■ **Problem statement**
The answer is a stretch of the material below, returned exactly: the line containing "obtain t where", the line containing "leq \<Longrightarrow> S", and all lines between.

■ **Records**
(* Let $\Omega$ be a finite set with $|\Omega|=n$, $(H_i\mid i\in\Omega)$ finite abelian groups with $|H_i|\geqslant2$ for all $i$, $\mathbf{H}=\prod_{i\in\Omega}H_i$, and $\mathbf{P}=(\Omega,\preccurlyeq_{\mathbf{P}})$ a poset. Then $\mathbf{P}$ is hierarchical if and only if for all $\alpha,\gamma\in\hat{\mathbf{H}}$, $\mathrm{wt}_{\overline{\mathbf{P}}}(\alpha)=\mathrm{wt}_{\overline{\mathbf{P}}}(\gamma)$ implies $\deg(F(\alpha))=\deg(F(\gamma))$.
   Context: $\hat{\mathbf{H}}$ is the character group of $\mathbf{H}$, identified with $\prod_i\hat{H_i}$ via $\alpha(\beta)=\prod_i\alpha_{(i)}(\beta_{(i)})$; $\mathrm{supp}$ of a codeword is the set of coordinates where it is not the identity. For a poset $\mathbf{Q}$ on $\Omega$, $\langle B\rangle_{\mathbf{Q}}=\{a:\exists b\in B, a\preccurlyeq_{\mathbf{Q}}b\}$ and $\mathrm{wt}_{\mathbf{Q}}(\beta)=|\langle\mathrm{supp}(\beta)\rangle_{\mathbf{Q}}|$. $\overline{\mathbf{P}}$ is the dual poset. For $\alpha\in\hat{\mathbf{H}}$, $F(\alpha)=\sum_{l=0}^{n}\big(\sum_{\beta\in\mathbf{H},\ \mathrm{wt}_{\mathbf{P}}(\beta)=l}\alpha(\beta)\big)x^l\in\mathbb{C}[x]$. $\mathrm{len}(y)$ is the largest cardinality of a chain in $\mathbf{P}$ with greatest element $y$; $\mathbf{P}$ is hierarchical if $\mathrm{len}(u)+1\leqslant\mathrm{len}(v)$ implies $u\preccurlyeq_{\mathbf{P}}v$. *)

theory Defs
  imports "HOL-Algebra.Group" "HOL-Computational_Algebra.Polynomial"
begin

definition is_poset :: "'b set \<Rightarrow> ('b \<Rightarrow> 'b \<Rightarrow> bool) \<Rightarrow> bool" where
  "is_poset \<Omega> leq \<longleftrightarrow>
     (\<forall>a\<in>\<Omega>. leq a a) \<and>
     (\<forall>a\<in>\<Omega>. \<forall>b\<in>\<Omega>. leq a b \<and> leq b a \<longrightarrow> a = b) \<and>
     (\<forall>a\<in>\<Omega>. \<forall>b\<in>\<Omega>. \<forall>c\<in>\<Omega>. leq a b \<and> leq b c \<longrightarrow> leq a c)"

definition dual_order :: "('b \<Rightarrow> 'b \<Rightarrow> bool) \<Rightarrow> 'b \<Rightarrow> 'b \<Rightarrow> bool" where
  "dual_order leq a b = leq b a"

definition ideal_gen :: "'b set \<Rightarrow> ('b \<Rightarrow> 'b \<Rightarrow> bool) \<Rightarrow> 'b set \<Rightarrow> 'b set" where
  "ideal_gen \<Omega> leq B = {a\<in>\<Omega>. \<exists>b\<in>B. leq a b}"

definition chain_top :: "'b set \<Rightarrow> ('b \<Rightarrow> 'b \<Rightarrow> bool) \<Rightarrow> 'b \<Rightarrow> 'b set \<Rightarrow> bool" where
  "chain_top \<Omega> leq y C \<longleftrightarrow> C \<subseteq> \<Omega> \<and> y \<in> C \<and>
     (\<forall>a\<in>C. \<forall>b\<in>C. leq a b \<or> leq b a) \<and> (\<forall>c\<in>C. leq c y)"

definition len :: "'b set \<Rightarrow> ('b \<Rightarrow> 'b \<Rightarrow> bool) \<Rightarrow> 'b \<Rightarrow> nat" where
  "len \<Omega> leq y = Max (card ` {C. chain_top \<Omega> leq y C})"

definition hierarchical :: "'b set \<Rightarrow> ('b \<Rightarrow> 'b \<Rightarrow> bool) \<Rightarrow> bool" where
  "hierarchical \<Omega> leq \<longleftrightarrow>
     (\<forall>u\<in>\<Omega>. \<forall>v\<in>\<Omega>. len \<Omega> leq u + 1 \<le> len \<Omega> leq v \<longrightarrow> leq u v)"

definition codewords :: "'b set \<Rightarrow> ('b \<Rightarrow> ('a, 'c) monoid_scheme) \<Rightarrow> ('b \<Rightarrow> 'a) set" where
  "codewords \<Omega> G = (\<Pi>\<^sub>E i\<in>\<Omega>. carrier (G i))"

definition cw_supp :: "'b set \<Rightarrow> ('b \<Rightarrow> ('a, 'c) monoid_scheme) \<Rightarrow> ('b \<Rightarrow> 'a) \<Rightarrow> 'b set" where
  "cw_supp \<Omega> G \<beta> = {i\<in>\<Omega>. \<beta> i \<noteq> \<one>\<^bsub>G i\<^esub>}"

definition wt :: "'b set \<Rightarrow> ('b \<Rightarrow> 'b \<Rightarrow> bool) \<Rightarrow> 'b set \<Rightarrow> nat" where
  "wt \<Omega> leq S = card (ideal_gen \<Omega> leq S)"

definition character :: "('a, 'c) monoid_scheme \<Rightarrow> ('a \<Rightarrow> complex) \<Rightarrow> bool" where
  "character G \<chi> \<longleftrightarrow> (\<forall>x\<in>carrier G. \<chi> x \<noteq> 0) \<and>
     (\<forall>x\<in>carrier G. \<forall>y\<in>carrier G. \<chi> (x \<otimes>\<^bsub>G\<^esub> y) = \<chi> x * \<chi> y)"

definition trivial_character :: "('a, 'c) monoid_scheme \<Rightarrow> ('a \<Rightarrow> complex) \<Rightarrow> bool" where
  "trivial_character G \<chi> \<longleftrightarrow> (\<forall>x\<in>carrier G. \<chi> x = 1)"

text \<open>Characters of H, identified with families (alpha_i) of characters of the H_i.\<close>
definition char_family :: "'b set \<Rightarrow> ('b \<Rightarrow> ('a, 'c) monoid_scheme) \<Rightarrow> ('b \<Rightarrow> 'a \<Rightarrow> complex) \<Rightarrow> bool" where
  "char_family \<Omega> G \<alpha> \<longleftrightarrow> (\<forall>i\<in>\<Omega>. character (G i) (\<alpha> i))"

definition char_eval :: "'b set \<Rightarrow> ('b \<Rightarrow> 'a \<Rightarrow> complex) \<Rightarrow> ('b \<Rightarrow> 'a) \<Rightarrow> complex" where
  "char_eval \<Omega> \<alpha> \<beta> = (\<Prod>i\<in>\<Omega>. \<alpha> i (\<beta> i))"

definition char_supp :: "'b set \<Rightarrow> ('b \<Rightarrow> ('a, 'c) monoid_scheme) \<Rightarrow> ('b \<Rightarrow> 'a \<Rightarrow> complex) \<Rightarrow> 'b set" where
  "char_supp \<Omega> G \<alpha> = {i\<in>\<Omega>. \<not> trivial_character (G i) (\<alpha> i)}"

definition F_poly :: "'b set \<Rightarrow> ('b \<Rightarrow> ('a, 'c) monoid_scheme) \<Rightarrow> ('b \<Rightarrow> 'b \<Rightarrow> bool)
    \<Rightarrow> ('b \<Rightarrow> 'a \<Rightarrow> complex) \<Rightarrow> complex poly" where
  "F_poly \<Omega> G leq \<alpha> =
     (\<Sum>l\<in>{0..card \<Omega>}.
        monom (\<Sum>\<beta>\<in>{\<beta>\<in>codewords \<Omega> G. wt \<Omega> leq (cw_supp \<Omega> G \<beta>) = l}. char_eval \<Omega> \<alpha> \<beta>) l)"

end

theory Submission
  imports Defs
begin

text \<open>
  Writing \<alpha>(\<beta>) as a product over the coordinates, the sum of \<alpha> over the codewords with
  support T is the product of the e_i, i \<in> T, where e_i, the sum of \<alpha>_i over H_i - {1}, is -1
  if \<alpha>_i is nontrivial and |H_i| - 1 otherwise. The sets T generating a given down-set I are
  exactly those between max I and I, so the coefficient of x^l in F(\<alpha>) is a sum over the
  down-sets I with |I| = l of (\<Prod>i\<in>max I. e_i) * (\<Prod>i\<in>I - max I. 1 + e_i). This term
  vanishes exactly when a non-maximal element of I lies in the support S of \<alpha>, and the largest
  down-set avoiding that is (\<Omega> - up(S)) \<union> min S; hence deg F(\<alpha>) = n - wt_dual(\<alpha>) + |min S|.

  As every subset of \<Omega> is the support of a character, the theorem says that P is hierarchical
  iff |up(S)| determines |min S|. In a hierarchical poset up(S) consists of min S and all
  elements longer than the common length of min S, so |up(S)| determines that length and then
  |min S|. Otherwise there are x not below y whose strict up-sets satisfy U(y) \<subset> U(x), and
  {x} and {y} \<union> U(x) generate up-sets of the same size but have one, resp. at least two,
  minimal elements.
\<close>

section \<open>Down-sets, up-sets and minimal elements\<close>

definition down_closed :: "'b set \<Rightarrow> ('b \<Rightarrow> 'b \<Rightarrow> bool) \<Rightarrow> 'b set \<Rightarrow> bool" where
  "down_closed \<Omega> leq I \<longleftrightarrow> I \<subseteq> \<Omega> \<and> (\<forall>x\<in>\<Omega>. \<forall>y\<in>I. leq x y \<longrightarrow> x \<in> I)"

definition minimal_elems :: "('b \<Rightarrow> 'b \<Rightarrow> bool) \<Rightarrow> 'b set \<Rightarrow> 'b set" where
  "minimal_elems leq S = {s\<in>S. \<forall>s'\<in>S. leq s' s \<longrightarrow> s' = s}"

definition maximal_elems :: "('b \<Rightarrow> 'b \<Rightarrow> bool) \<Rightarrow> 'b set \<Rightarrow> 'b set" where
  "maximal_elems leq S = {s\<in>S. \<forall>s'\<in>S. leq s s' \<longrightarrow> s' = s}"

abbreviation upset :: "'b set \<Rightarrow> ('b \<Rightarrow> 'b \<Rightarrow> bool) \<Rightarrow> 'b set \<Rightarrow> 'b set" where
  "upset \<Omega> leq S \<equiv> ideal_gen \<Omega> (dual_order leq) S"

lemma mem_upset: "x \<in> upset \<Omega> leq S \<longleftrightarrow> x \<in> \<Omega> \<and> (\<exists>s\<in>S. leq s x)"
  by (auto simp: ideal_gen_def dual_order_def)

lemma finite_minimal_elems: "finite S \<Longrightarrow> finite (minimal_elems leq S)"
  by (simp add: minimal_elems_def)

lemma is_poset_refl: "is_poset \<Omega> leq \<Longrightarrow> a \<in> \<Omega> \<Longrightarrow> leq a a"
  unfolding is_poset_def by blast

lemma is_poset_antisym:
  "is_poset \<Omega> leq \<Longrightarrow> a \<in> \<Omega> \<Longrightarrow> b \<in> \<Omega> \<Longrightarrow> leq a b \<Longrightarrow> leq b a \<Longrightarrow> a = b"
  unfolding is_poset_def by blast

lemma is_poset_trans:
  "is_poset \<Omega> leq \<Longrightarrow> a \<in> \<Omega> \<Longrightarrow> b \<in> \<Omega> \<Longrightarrow> c \<in> \<Omega> \<Longrightarrow> leq a b \<Longrightarrow> leq b c \<Longrightarrow> leq a c"
  unfolding is_poset_def by blast

lemma is_poset_dual_order: "is_poset \<Omega> leq \<Longrightarrow> is_poset \<Omega> (dual_order leq)"
  unfolding is_poset_def dual_order_def by blast

lemma ex_maximal_above:
  assumes P: "is_poset \<Omega> leq" and fin: "finite X" and X: "X \<subseteq> \<Omega>" and x: "x \<in> X"
  obtains m where "m \<in> maximal_elems leq X" "leq x m"
proof -
  let ?above = "\<lambda>y. card {z\<in>X. leq y z}"
  obtain m where m: "m \<in> X" "leq x m"
    and least: "\<And>y. y \<in> X \<Longrightarrow> leq x y \<Longrightarrow> ?above m \<le> ?above y"
    using ex_has_least_nat[of "\<lambda>y. y \<in> X \<and> leq x y" x ?above] x X is_poset_refl[OF P]
    by blast
  have "s = m" if s: "s \<in> X" "leq m s" for s
  proof (rule ccontr)
    assume "s \<noteq> m"
    then have "m \<notin> {z\<in>X. leq s z}"
      using is_poset_antisym[OF P] m s X by blast
    moreover have "{z\<in>X. leq s z} \<subseteq> {z\<in>X. leq m z}"
      using is_poset_trans[OF P, of m s] m s X by blast
    ultimately have "?above s < ?above m"
      using fin m(1) X is_poset_refl[OF P, of m] by (intro psubset_card_mono) auto
    moreover have "leq x s"
      using is_poset_trans[OF P, of x m s] m s X x by blast
    ultimately show False
      using least[OF s(1)] by simp
  qed
  then show thesis
    using that m by (auto simp: maximal_elems_def)
qed

lemma ex_minimal_below:
  assumes P: "is_poset \<Omega> leq" and fin: "finite X" and X: "X \<subseteq> \<Omega>" and x: "x \<in> X"
  obtains m where "m \<in> minimal_elems leq X" "leq m x"
  using ex_maximal_above[OF is_poset_dual_order[OF P] fin X x]
  unfolding maximal_elems_def minimal_elems_def dual_order_def by blast

lemma ideal_gen_down_closed:
  assumes P: "is_poset \<Omega> leq" and T: "T \<subseteq> \<Omega>"
  shows "down_closed \<Omega> leq (ideal_gen \<Omega> leq T)"
  using T is_poset_trans[OF P] unfolding down_closed_def ideal_gen_def by blast

lemma ideal_gen_eq_iff:
  assumes P: "is_poset \<Omega> leq" and fin: "finite \<Omega>" and I: "down_closed \<Omega> leq I"
    and T: "T \<subseteq> \<Omega>"
  shows "ideal_gen \<Omega> leq T = I \<longleftrightarrow> maximal_elems leq I \<subseteq> T \<and> T \<subseteq> I"
proof
  assume eq: "ideal_gen \<Omega> leq T = I"
  then have TI: "T \<subseteq> I"
    using T is_poset_refl[OF P] unfolding ideal_gen_def by blast
  have "m \<in> T" if m: "m \<in> maximal_elems leq I" for m
  proof -
    obtain t where "t \<in> T" "leq m t"
      using m eq unfolding maximal_elems_def ideal_gen_def by blast
    then show ?thesis
      using m TI unfolding maximal_elems_def by blast
  qed
  with TI show "maximal_elems leq I \<subseteq> T \<and> T \<subseteq> I" by blast
next
  assume MT: "maximal_elems leq I \<subseteq> T \<and> T \<subseteq> I"
  have "a \<in> ideal_gen \<Omega> leq T" if a: "a \<in> I" for a
  proof -
    have "finite I"
      using I fin finite_subset unfolding down_closed_def by blast
    then obtain m where "m \<in> maximal_elems leq I" "leq a m"
      using ex_maximal_above[OF P _ _ a] I unfolding down_closed_def by blast
    then show ?thesis
      using MT a I unfolding ideal_gen_def down_closed_def by blast
  qed
  then show "ideal_gen \<Omega> leq T = I"
    using MT I unfolding ideal_gen_def down_closed_def by blast
qed

lemma subset_upset: "is_poset \<Omega> leq \<Longrightarrow> S \<subseteq> \<Omega> \<Longrightarrow> S \<subseteq> upset \<Omega> leq S"
  using is_poset_refl by (fastforce simp: mem_upset)

lemma card_upset_eq_0_iff:
  assumes fin: "finite \<Omega>" and P: "is_poset \<Omega> leq" and S: "S \<subseteq> \<Omega>"
  shows "card (upset \<Omega> leq S) = 0 \<longleftrightarrow> S = {}"
proof -
  have "finite (upset \<Omega> leq S)"
    using fin by (simp add: ideal_gen_def)
  then show ?thesis
    using subset_upset[OF P S] by (auto simp: mem_upset)
qed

■ **Response area**
    obtain t where "t \<in> T" "leq m t"
      using m eq unfolding maximal_elems_def ideal_gen_def by blast
    then show ?thesis
      using m TI unfolding maximal_elems_def by blast
  qed
  with TI show "maximal_elems leq I \<subseteq> T \<and> T \<subseteq> I" by blast
next
  assume MT: "maximal_elems leq I \<subseteq> T \<and> T \<subseteq> I"
  have "a \<in> ideal_gen \<Omega> leq T" if a: "a \<in> I" for a
  proof -
    have "finite I"
      using I fin finite_subset unfolding down_closed_def by blast
    then obtain m where "m \<in> maximal_elems leq I" "leq a m"
      using ex_maximal_above[OF P _ _ a] I unfolding down_closed_def by blast
    then show ?thesis
      using MT a I unfolding ideal_gen_def down_closed_def by blast
  qed
  then show "ideal_gen \<Omega> leq T = I"
    using MT I unfolding ideal_gen_def down_closed_def by blast
qed

lemma subset_upset: "is_poset \<Omega> leq \<Longrightarrow> S \<subseteq> \<Omega> \<Longrightarrow> S \<subseteq> upset \<Omega> leq S"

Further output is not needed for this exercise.